text \<open>Strict A-copositivity: the coefficient vector lies in the interior (in R^A) of the cone
  of coefficient vectors whose Laurent polynomial is nonnegative on the positive orthant.\<close>
definition strictly_A_copositive :: "(int ^ 'n) set \<Rightarrow> (int ^ 'n \<Rightarrow> real) \<Rightarrow> bool" where
  "strictly_A_copositive A c \<longleftrightarrow> (\<exists>\<epsilon>>0. \<forall>d. (\<forall>a\<in>A. \<bar>d a - c a\<bar> < \<epsilon>) \<longrightarrow>
      (\<forall>t. (\<forall>j. t $ j > 0) \<longrightarrow> laurent_eval A d t \<ge> 0))"

end

theory Submission
  imports Defs
begin

text \<open>Each \<open>i\<close> lies in some primitive collection \<open>C\<close>, and \<open>1 - x_i\<close> is the sum of the
  \<open>x_l\<close> with \<open>l \<in> C - {i}\<close> plus the generator \<open>1 - \<Sum>l\<in>C. x_l\<close>; so \<open>T\<close> is a preprime
  containing every \<open>x_i\<close> and \<open>1 - x_i\<close>. Hence every polynomial is bounded with respect to
  \<open>T\<close>, which is therefore Archimedean, and by Bernstein's theorem every polynomial that is
  positive on the unit box \<open>[0,1]^r\<close> lies in \<open>T\<close>.

  If \<open>f\<close> is strictly copositive, \<open>f_cox\<close> is positive at every point \<open>x\<close> of the box that
  satisfies the relations \<open>\<Sum>i\<in>C. x_i = 1\<close>: the coordinates vanishing at \<open>x\<close> contain no
  primitive collection, so their rays lie in a cone of the normal fan, and a vertex \<open>a_0\<close> of
  the corresponding face gives a monomial of \<open>f_cox\<close> that does not vanish at \<open>x\<close>. Adding a
  large multiple of \<open>\<Sum>C. (1 - \<Sum>i\<in>C. x_i)^2\<close>, which lies in the ideal part of \<open>T\<close>,
  makes \<open>f_cox\<close> positive on the whole box.\<close>

section \<open>Polynomials and their evaluation\<close>

definition pconst :: "real \<Rightarrow> rpoly" where
  "pconst c = Poly_Mapping.single 0 c"

lemma pconst_add: "pconst (a + b) = pconst a + pconst b"
  by (simp add: pconst_def single_add)

lemma pconst_mult: "pconst (a * b) = pconst a * pconst b"
  by (simp add: pconst_def mult_single)

lemma pconst_diff: "pconst (a - b) = pconst a - pconst b"
  by (simp add: pconst_def single_diff)

lemma pconst_0 [simp]: "pconst 0 = 0"
  by (simp add: pconst_def)

lemma pconst_1 [simp]: "pconst 1 = 1"
  by (simp add: pconst_def)

lemma of_nat_eq_pconst: "(of_nat n :: rpoly) = pconst (of_nat n)"
  by (simp add: pconst_def)

lemma pconst_sum: "pconst (sum f I) = (\<Sum>i\<in>I. pconst (f i))"
  by (induction I rule: infinite_finite_induct) (auto simp: pconst_add)

lemma pconst_prod: "pconst (prod f I) = (\<Prod>i\<in>I. pconst (f i))"
  by (induction I rule: infinite_finite_induct) (auto simp: pconst_mult)

lemma single_eq_pconst_mult: "Poly_Mapping.single m c = pconst c * Poly_Mapping.single m 1"
  by (simp add: pconst_def mult_single)

lemma poly_mapping_eq_sum_single:
  fixes p :: "'a \<Rightarrow>\<^sub>0 'b::comm_monoid_add"
  assumes "finite S" "Poly_Mapping.keys p \<subseteq> S"
  shows "p = (\<Sum>m\<in>S. Poly_Mapping.single m (Poly_Mapping.lookup p m))"
proof (rule poly_mapping_eqI)
  fix k
  have "(\<Sum>m\<in>S. Poly_Mapping.lookup (Poly_Mapping.single m (Poly_Mapping.lookup p m)) k)
      = (\<Sum>m\<in>S. if m = k then Poly_Mapping.lookup p m else 0)"
    by (rule sum.cong) (auto simp: lookup_single)
  also have "\<dots> = Poly_Mapping.lookup p k"
    using assms by (auto simp: sum.delta in_keys_iff)
  finally show "Poly_Mapping.lookup p k =
      Poly_Mapping.lookup (\<Sum>m\<in>S. Poly_Mapping.single m (Poly_Mapping.lookup p m)) k"
    by (simp add: lookup_sum)
qed

lemma poly_mapping_eq_sum_keys:
  fixes p :: "'a \<Rightarrow>\<^sub>0 'b::comm_monoid_add"
  shows "p = (\<Sum>m\<in>Poly_Mapping.keys p. Poly_Mapping.single m (Poly_Mapping.lookup p m))"
  by (rule poly_mapping_eq_sum_single) auto

lemma lookup_sum_single:
  "finite I \<Longrightarrow>
    Poly_Mapping.lookup (\<Sum>i\<in>I. Poly_Mapping.single i (g i)) j = (if j \<in> I then g j else (0::nat))"
  by (simp add: lookup_sum lookup_single when_def sum.delta)

lemma pvar_power: "pvar i ^ k = Poly_Mapping.single (Poly_Mapping.single i k) 1"
  by (induction k) (auto simp: pvar_def mult_single single_add[symmetric] add.commute)

lemma prod_single_one:
  "finite I \<Longrightarrow>
    (\<Prod>i\<in>I. Poly_Mapping.single (g i) (1::real)) = Poly_Mapping.single (\<Sum>i\<in>I. g i) 1"
  by (induction I rule: finite_induct) (auto simp: mult_single)

lemma prod_pvar_power_eq_single:
  assumes "finite I" "Poly_Mapping.keys m \<subseteq> I"
  shows "(\<Prod>i\<in>I. pvar i ^ Poly_Mapping.lookup m i) = Poly_Mapping.single m 1"
  using poly_mapping_eq_sum_single[OF assms]
  by (simp add: pvar_power prod_single_one assms(1))

lemma poly_eq_sum_monomials:
  assumes "in_poly_ring r p"
  shows "p = (\<Sum>\<alpha>\<in>Poly_Mapping.keys p.
      pconst (Poly_Mapping.lookup p \<alpha>) * (\<Prod>i\<in>{1..r}. pvar i ^ Poly_Mapping.lookup \<alpha> i))"
proof -
  have "Poly_Mapping.single \<alpha> (Poly_Mapping.lookup p \<alpha>) =
      pconst (Poly_Mapping.lookup p \<alpha>) * (\<Prod>i\<in>{1..r}. pvar i ^ Poly_Mapping.lookup \<alpha> i)"
    if "\<alpha> \<in> Poly_Mapping.keys p" for \<alpha>
  proof -
    have "Poly_Mapping.keys \<alpha> \<subseteq> {1..r}"
      using that assms by (simp add: in_poly_ring_def)
    then show ?thesis
      by (subst single_eq_pconst_mult) (simp only: prod_pvar_power_eq_single finite_atLeastAtMost)
  qed
  then have "(\<Sum>\<alpha>\<in>Poly_Mapping.keys p. Poly_Mapping.single \<alpha> (Poly_Mapping.lookup p \<alpha>)) =
      (\<Sum>\<alpha>\<in>Poly_Mapping.keys p.
      pconst (Poly_Mapping.lookup p \<alpha>) * (\<Prod>i\<in>{1..r}. pvar i ^ Poly_Mapping.lookup \<alpha> i))"
    by (rule sum.cong[OF refl])
  then show ?thesis
    using poly_mapping_eq_sum_keys[of p] by simp
qed

definition monom_eval :: "(nat \<Rightarrow> real) \<Rightarrow> (nat \<Rightarrow>\<^sub>0 nat) \<Rightarrow> real" where
  "monom_eval x m = (\<Prod>i\<in>Poly_Mapping.keys m. x i ^ Poly_Mapping.lookup m i)"

definition peval :: "(nat \<Rightarrow> real) \<Rightarrow> rpoly \<Rightarrow> real" where
  "peval x p = (\<Sum>m\<in>Poly_Mapping.keys p. Poly_Mapping.lookup p m * monom_eval x m)"

lemma monom_eval_superset:
  assumes "finite S" "Poly_Mapping.keys m \<subseteq> S"
  shows "monom_eval x m = (\<Prod>i\<in>S. x i ^ Poly_Mapping.lookup m i)"
  unfolding monom_eval_def
  by (rule prod.mono_neutral_left) (use assms in \<open>auto simp: in_keys_iff\<close>)

lemma peval_superset:
  assumes "finite S" "Poly_Mapping.keys p \<subseteq> S"
  shows "peval x p = (\<Sum>m\<in>S. Poly_Mapping.lookup p m * monom_eval x m)"
  unfolding peval_def
  by (rule sum.mono_neutral_left) (use assms in \<open>auto simp: in_keys_iff\<close>)

lemma monom_eval_add: "monom_eval x (m + m') = monom_eval x m * monom_eval x m'"
proof -
  let ?S = "Poly_Mapping.keys m \<union> Poly_Mapping.keys m'"
  have "monom_eval x (m + m') = (\<Prod>i\<in>?S. x i ^ Poly_Mapping.lookup (m + m') i)"
    by (rule monom_eval_superset) (auto simp: in_keys_iff lookup_add)
  also have "\<dots> = (\<Prod>i\<in>?S. x i ^ Poly_Mapping.lookup m i) * (\<Prod>i\<in>?S. x i ^ Poly_Mapping.lookup m' i)"
    by (simp add: lookup_add power_add prod.distrib)
  also have "\<dots> = monom_eval x m * monom_eval x m'"
    by (subst (1 2) monom_eval_superset[of ?S]) auto
  finally show ?thesis .
qed

lemma peval_0 [simp]: "peval x 0 = 0"
  by (simp add: peval_def)

lemma peval_single: "peval x (Poly_Mapping.single m c) = c * monom_eval x m"
  by (simp add: peval_def)

lemma peval_add: "peval x (p + q) = peval x p + peval x q"
proof -
  let ?S = "Poly_Mapping.keys p \<union> Poly_Mapping.keys q"
  have "peval x (p + q) = (\<Sum>m\<in>?S. Poly_Mapping.lookup (p + q) m * monom_eval x m)"
    by (rule peval_superset) (auto simp: in_keys_iff lookup_add)
  also have "\<dots> = (\<Sum>m\<in>?S. Poly_Mapping.lookup p m * monom_eval x m)
      + (\<Sum>m\<in>?S. Poly_Mapping.lookup q m * monom_eval x m)"
    by (simp add: lookup_add distrib_right sum.distrib)
  also have "\<dots> = peval x p + peval x q"
    by (subst (1 2) peval_superset[of ?S]) auto
  finally show ?thesis .
qed

lemma peval_sum: "peval x (sum f I) = (\<Sum>i\<in>I. peval x (f i))"
  by (induction I rule: infinite_finite_induct) (auto simp: peval_add)

lemma mult_eq_sum_single:
  "p * q = (\<Sum>m\<in>Poly_Mapping.keys p. \<Sum>m'\<in>Poly_Mapping.keys q.
       Poly_Mapping.single (m + m') (Poly_Mapping.lookup p m * Poly_Mapping.lookup q m' :: real))"
proof -
  have "p * q = (\<Sum>m\<in>Poly_Mapping.keys p. Poly_Mapping.single m (Poly_Mapping.lookup p m)) *
                (\<Sum>m\<in>Poly_Mapping.keys q. Poly_Mapping.single m (Poly_Mapping.lookup q m))"
    by (subst (1) poly_mapping_eq_sum_keys[of p], subst (1) poly_mapping_eq_sum_keys[of q]) (rule refl)
  then show ?thesis
    by (simp add: sum_product mult_single)
qed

★ ★ ★ ★

Exercise instructions. Taking the lines above, repeat exactly those from the line that contains "theory Submission" through the line that contains "positive on the unit", and both of those lines as well. Include nothing else.

Problem solution.
theory Submission
  imports Defs
begin

text \<open>Each \<open>i\<close> lies in some primitive collection \<open>C\<close>, and \<open>1 - x_i\<close> is the sum of the
  \<open>x_l\<close> with \<open>l \<in> C - {i}\<close> plus the generator \<open>1 - \<Sum>l\<in>C. x_l\<close>; so \<open>T\<close> is a preprime
  containing every \<open>x_i\<close> and \<open>1 - x_i\<close>. Hence every polynomial is bounded with respect to
  \<open>T\<close>, which is therefore Archimedean, and by Bernstein's theorem every polynomial that is
  positive on the unit box \<open>[0,1]^r\<close> lies in \<open>T\<close>.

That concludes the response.